Apologies, it has been such a long time since my last blog. It has been a busy time with work, family birthdays, and Christmas preparations, but now it is time to get back on track and time for a new recipe.
This is one that I like to cook on Saturday night as it is quick and easy and comforting. It uses mostly ingredients you have in the store cupboard or freezer, but can be made extra special by the addition of some fresh coriander and fresh lime juice.
I am using brown rice to add extra fibre, because most of us don’t eat enough.
You can also use a mixture of butternut squash and sweet potato or other types of squash.
I have used the coconut cream you buy in a block as this involves less wastage (a little of this goes a long way), and less unwanted chemicals, though you can use the tinned coconut milk if you prefer (use a quarter of a tin). The fat in coconut cream and milk is mostly saturated and government advice is to not have more than 10% of your energy from this or about 20g per day. This recipe will give you roughly 15g saturated fat, so just below this.
Prawn and butternut squash red thai-style curry
2/3rd of a mug of brown rice (dried)
½ onion, finely chopped
250g butternut squash, deseeded, peeled and cut into cubes
1 red pepper, washed, deseeded and cut into medium-sized chunks
a thumb-sized piece of fresh ginger, finely chopped
1 clove of garlic, finely chopped
pinch of chilli flakes
2 teaspoons curry spices such as garam masala
cayenne pepper to taste
1 tablespoon of tomato puree
1/8 of a block of coconut cream
1 tsp of mango chutney or ½ teaspoon of sugar
200g frozen prawns
squeeze of lemon or lime juice
salt to taste
- Prepare the ingredients as above.

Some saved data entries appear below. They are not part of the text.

lemma coverage_antimono:
  fixes lam lam' :: "real^'n::finite"
  assumes mc: "0 < mc" and m: "0 < m" "m \<le> 1" and k: "0 < k"
    and lam: "\<And>j. 0 < lam$j" and lam': "\<And>j. 0 < lam'$j"
    and le: "\<And>u. 0 \<le> u \<Longrightarrow> (\<Prod>j\<in>UNIV. u + k * m * lam'$j) \<le> (\<Prod>j\<in>UNIV. u + k * m * lam$j)"
  shows "coverage mc m k lam \<le> coverage mc m k lam'"
proof -
  have powr_le: "(\<Prod>j\<in>UNIV. u + k * m * lam$j) powr (- mc) \<le> (\<Prod>j\<in>UNIV. u + k * m * lam'$j) powr (- mc)"
    if "0 \<le> u" for u
  proof (rule powr_mono2')
    show "0 < (\<Prod>j\<in>UNIV. u + k * m * lam'$j)"
      using that k m lam' by (intro prod_pos add_nonneg_pos) auto
  qed (use le[OF that] mc in auto)
  show ?thesis
  proof (cases "m = 1")
    case True
    then show ?thesis
      using powr_le[of 1] coverage_one[OF mc k lam] coverage_one[OF mc k lam'] by simp
  next
    case False
    with m have "m < 1" by simp
    have "Gamma m * Gamma (1 - m) * coverage mc m k lam \<le> Gamma m * Gamma (1 - m) * coverage mc m k lam'"
    proof (rule has_integral_le[OF coverage_eq_integral[OF mc m(1) \<open>m < 1\<close> k lam]
          coverage_eq_integral[OF mc m(1) \<open>m < 1\<close> k lam']])
      fix t :: real assume "t \<in> {0..1}"
      then show "t powr (- m) * (1 - t) powr (real CARD('n) * mc + m - 1) * (\<Prod>j\<in>UNIV. 1 - t + k * m * lam$j) powr (- mc)
        \<le> t powr (- m) * (1 - t) powr (real CARD('n) * mc + m - 1) * (\<Prod>j\<in>UNIV. 1 - t + k * m * lam'$j) powr (- mc)"
        using powr_le[of "1 - t"] by (intro mult_left_mono) auto
    qed
    moreover have "0 < Gamma m * Gamma (1 - m)"
      using m \<open>m < 1\<close> by (intro mult_pos_pos Gamma_real_pos) auto
    ultimately show ?thesis by (meson mult_le_cancel_left_pos)
  qed
qed

theorem theorem6:
  fixes mc m k :: real and lam lamhat :: "real^'n::finite" and C :: "real^'n^'n"
  assumes mc: "mc > 0" and m: "0 < m" "m \<le> 1" and k: "k > 0"
    and lam_pos: "\<forall>i. lam$i > 0"
    and C_sym: "transpose C = C"
    and C_pd: "\<forall>x::real^'n. x \<noteq> 0 \<longrightarrow> x \<bullet> (C *v x) > 0"
    and C_diag: "\<forall>i. C$i$i = 1"
    and eig: "\<forall>t::real. det (t *\<^sub>R mat 1 - diag_mat lam ** C) = (\<Prod>i\<in>UNIV. t - lamhat$i)"
  shows "coverage mc m k lamhat \<ge> coverage mc m k lam"
proof -
  note hyps = lam_pos[rule_format] C_sym C_pd[folded pos_definite_def] C_diag[rule_format] eig[rule_format]
  have "0 < k * m" using k m by simp
  show ?thesis
  proof (rule coverage_antimono[OF mc m k])
    show "0 < lam$j" "0 < lamhat$j" for j
      using hyps eigenvalues_diag_mat_mult_pos[OF hyps] by auto
    show "(\<Prod>j\<in>UNIV. u + k * m * lamhat$j) \<le> (\<Prod>j\<in>UNIV. u + k * m * lam$j)" if "0 \<le> u" for u
      using prod_shift_eigenvalues_le(2)[OF hyps that \<open>0 < k * m\<close>] by (simp add: mult.assoc)
  qed
qed

end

Put the prawns in a bowl of cold water to defrost them a bit.
- Wash the rice in boiling water. Then add double the volume of water so for 2/3rd of a mug of rice add 1 1/3 mugs of boiling water. Put in a saucepan with a lid on a very low heat and leave for 20-25 mins. When cooked all the water should have disappeared, if it is too dry add more water.

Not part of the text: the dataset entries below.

lemma mem_elementary_hull_origin_pair:
  fixes \<gamma> :: "real^2 \<Rightarrow> real"
  assumes S: "convex S" "compact S" "0 \<in> interior S" and gb: "gauge_ball \<gamma> = S"
    and e: "e1 extreme_point_of S" "e2 extreme_point_of S" "e3 extreme_point_of S" "e4 extreme_point_of S"
    and order: "0 < det2 e1 e2" "0 < det2 e1 e3" "0 < det2 e1 e4"
      "0 < det2 e2 e3" "0 < det2 e2 e4" "0 < det2 e3 e4"
    and b: "b = t *\<^sub>R (e1 + e2) - s *\<^sub>R (e3 + e4)" "0 \<le> t" "0 \<le> s" "b \<noteq> 0"
  shows "t *\<^sub>R (e1 + e2) \<in> elementary_hull \<gamma> {0, b}"
proof -
  have "0 \<in> S"
    using S(3) interior_subset by blast
  have eS: "e1 \<in> S" "e2 \<in> S"
    using e by (auto simp: extreme_point_of_def)
  have "e1 + e2 \<noteq> 0" "e3 + e4 \<noteq> 0"
    using order(1,6) by (auto simp: add_eq_0_iff)
  obtain c u
    where u: "0 < c" "c *\<^sub>R (e1 + e2) \<in> S" "u \<bullet> (c *\<^sub>R (e1 + e2)) = 1" "\<And>x. x \<in> S \<Longrightarrow> u \<bullet> x \<le> 1"
    using supporting_functional_on_ray[OF S \<open>e1 + e2 \<noteq> 0\<close>] by blast
  obtain c' v
    where v: "0 < c'" "c' *\<^sub>R (e3 + e4) \<in> S" "v \<bullet> (c' *\<^sub>R (e3 + e4)) = 1" "\<And>x. x \<in> S \<Longrightarrow> v \<bullet> x \<le> 1"
    using supporting_functional_on_ray[OF S \<open>e3 + e4 \<noteq> 0\<close>] by blast
  have u_face: "0 \<le> det2 e1 f \<and> 0 \<le> det2 f e2" if "f \<in> S" "u \<bullet> f = 1" for f
    using face_in_sector[OF S(1) \<open>0 \<in> S\<close> e(1,2) order(1) u(4) u(2,3) _ _ that] u(1) order(1) by simp
  have v_face: "0 \<le> det2 e3 g \<and> 0 \<le> det2 g e4" if "g \<in> S" "v \<bullet> g = 1" for g
    using face_in_sector[OF S(1) \<open>0 \<in> S\<close> e(3,4) order(6) v(4) v(2,3) _ _ that] v(1) order(6) by simp
  have duals: "dual_gauge \<gamma> u = 1" "dual_gauge \<gamma> v = 1"
    using dual_gauge_eq_1[OF gb] u v by blast+
  define \<pi> where "\<pi> x = (if x = 0 then u else v)" for x :: "real^2"
  have C: "C_pi \<gamma> {0, b} \<pi> = face_cone S u \<inter> (\<lambda>y. b + y) ` face_cone S v"
    unfolding C_pi_origin_pair using b(4) duals by (simp add: \<pi>_def cone_N_eq_face_cone[OF gb])
  have "bounded (C_pi \<gamma> {0, b} \<pi>)"
    unfolding C using v_face
    by (intro bounded_face_cone_inter_translate[OF compact_imp_bounded[OF S(2)] order(1,2,4) eS u(4) u_face])
      auto
  moreover have "t *\<^sub>R (e1 + e2) \<in> C_pi \<gamma> {0, b} \<pi>"
  proof -
    have "t *\<^sub>R (e1 + e2) - b \<in> face_cone S v"
      using scaleR_mem_face_cone[OF b(3) v(1-3)] b(1) by simp
    then show ?thesis
      unfolding C using scaleR_mem_face_cone[OF b(2) u(1-3)] by (auto intro: rev_image_eqI)
  qed
  ultimately show ?thesis
    unfolding elementary_hull_def using duals
    by (intro UnionI[where X = "C_pi \<gamma> {0, b} \<pi>"]) (auto simp: \<pi>_def)
qed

- Heat a tablespoon of oil in a large frying pan and fry the onion for a minute, then add the red pepper, ginger, garlic, curry powder, chilli flakes and cayenne and stir fry for a few minutes.
- Add 250ml boiling water and crumble in the coconut cream, mango chutney and tomato puree.
- Stir well and bring to the boil, then add the butternut squash and simmer covered for 15 minutes or until the butternut squash is tender.
- Drain the prawns and run them under the cold tap to remove the excess ice. Then add them to the pan and bring back to the boil. Add the lime or lemon juice and cook for a few minutes to ensure the prawns are heated through. Taste it and add salt to taste.
- Serve on warmed plates sprinkled with chopped coriander and with the rice.